lemma hausdorff_dist_nonneg:
  assumes "X \<noteq> {}"
  shows "0 \<le> hausdorff_dist X Y"
proof -
  obtain x where x: "x \<in> X" using assms by blast
  have "0 \<le> (INF y\<in>Y. ereal (dist x y))" by (rule INF_greatest) auto
  also have "\<dots> \<le> (SUP x\<in>X. INF y\<in>Y. ereal (dist x y))" by (rule SUP_upper[OF x])
  finally show ?thesis by (simp add: hausdorff_dist_def le_max_iff_disj)
qed

lemma uniform_cball_near_interior:
  fixes K A :: "'a::metric_space set"
  assumes "compact K" "K \<subseteq> closure (interior A)" "\<epsilon> > 0"
  obtains \<rho> where "\<rho> > 0" "\<And>y. y \<in> K \<Longrightarrow> \<exists>z. dist y z < \<epsilon> \<and> cball z \<rho> \<subseteq> A"
proof -
  have cover: "K \<subseteq> (\<Union>z\<in>interior A. ball z \<epsilon>)"
    using assms(2,3) by (force simp: closure_approachable dist_commute)
  obtain F where F: "F \<subseteq> interior A" "finite F" "K \<subseteq> (\<Union>z\<in>F. ball z \<epsilon>)"
    by (rule compactE_image[OF assms(1) _ cover]) auto
  have "\<forall>z\<in>F. \<exists>\<rho>>0. cball z \<rho> \<subseteq> A" using F(1) mem_interior_cball by blast
  then obtain \<rho>z where \<rho>z: "\<And>z. z \<in> F \<Longrightarrow> \<rho>z z > 0 \<and> cball z (\<rho>z z) \<subseteq> A"
    by metis
  define \<rho> where "\<rho> = Min (insert 1 (\<rho>z ` F))"
  have "\<rho> > 0" using F(2) \<rho>z by (simp add: \<rho>_def)
  moreover have "\<exists>z. dist y z < \<epsilon> \<and> cball z \<rho> \<subseteq> A" if y: "y \<in> K" for y
  proof -
    obtain z where z: "z \<in> F" "dist y z < \<epsilon>" using F(3) y by (force simp: dist_commute)
    have "cball z \<rho> \<subseteq> cball z (\<rho>z z)" using F(2) z(1) by (intro subset_cball) (simp add: \<rho>_def)
    then show ?thesis using \<rho>z[OF z(1)] z(2) by blast
  qed
  ultimately show ?thesis using that by blast
qed

lemma frontier_meets_closed_segment:
  fixes a b :: "'a::real_normed_vector"
  assumes "a \<in> A" "b \<notin> A"
  obtains y where "y \<in> closed_segment a b" "y \<in> frontier A"
  using connected_Int_frontier[OF connected_segment, of a b A] assms by blast

context
  fixes S T :: "'a::euclidean_space set" and a r \<epsilon> \<rho> :: real
  assumes S: "compact S" "S \<noteq> {}"
    and inner: "\<And>x. cball x a \<subseteq> S \<Longrightarrow> x \<in> T"
    and outer: "\<And>x. x \<in> T \<Longrightarrow> infdist x S < r"
    and a: "a \<le> \<rho>" and r: "r \<le> \<epsilon>"
begin

lemma near_support_of_mem:
  assumes "x \<in> T"
  obtains y where "y \<in> S" "dist x y < r"
  using infdist_attains_inf[OF compact_imp_closed[OF S(1)] S(2), of x] outer[OF assms] by metis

-----

The required output is the set of lines from the first line of the data through the line that contains "obtain z where", transcribed exactly.

§ **EXPECTED OUTPUT**
lemma hausdorff_dist_nonneg:
  assumes "X \<noteq> {}"
  shows "0 \<le> hausdorff_dist X Y"
proof -
  obtain x where x: "x \<in> X" using assms by blast
  have "0 \<le> (INF y\<in>Y. ereal (dist x y))" by (rule INF_greatest) auto
  also have "\<dots> \<le> (SUP x\<in>X. INF y\<in>Y. ereal (dist x y))" by (rule SUP_upper[OF x])
  finally show ?thesis by (simp add: hausdorff_dist_def le_max_iff_disj)
qed

lemma uniform_cball_near_interior:
  fixes K A :: "'a::metric_space set"
  assumes "compact K" "K \<subseteq> closure (interior A)" "\<epsilon> > 0"
  obtains \<rho> where "\<rho> > 0" "\<And>y. y \<in> K \<Longrightarrow> \<exists>z. dist y z < \<epsilon> \<and> cball z \<rho> \<subseteq> A"
proof -
  have cover: "K \<subseteq> (\<Union>z\<in>interior A. ball z \<epsilon>)"
    using assms(2,3) by (force simp: closure_approachable dist_commute)
  obtain F where F: "F \<subseteq> interior A" "finite F" "K \<subseteq> (\<Union>z\<in>F. ball z \<epsilon>)"
    by (rule compactE_image[OF assms(1) _ cover]) auto
  have "\<forall>z\<in>F. \<exists>\<rho>>0. cball z \<rho> \<subseteq> A" using F(1) mem_interior_cball by blast
  then obtain \<rho>z where \<rho>z: "\<And>z. z \<in> F \<Longrightarrow> \<rho>z z > 0 \<and> cball z (\<rho>z z) \<subseteq> A"
    by metis
  define \<rho> where "\<rho> = Min (insert 1 (\<rho>z ` F))"
  have "\<rho> > 0" using F(2) \<rho>z by (simp add: \<rho>_def)
  moreover have "\<exists>z. dist y z < \<epsilon> \<and> cball z \<rho> \<subseteq> A" if y: "y \<in> K" for y
  proof -
    obtain z where z: "z \<in> F" "dist y z < \<epsilon>" using F(3) y by (force simp: dist_commute)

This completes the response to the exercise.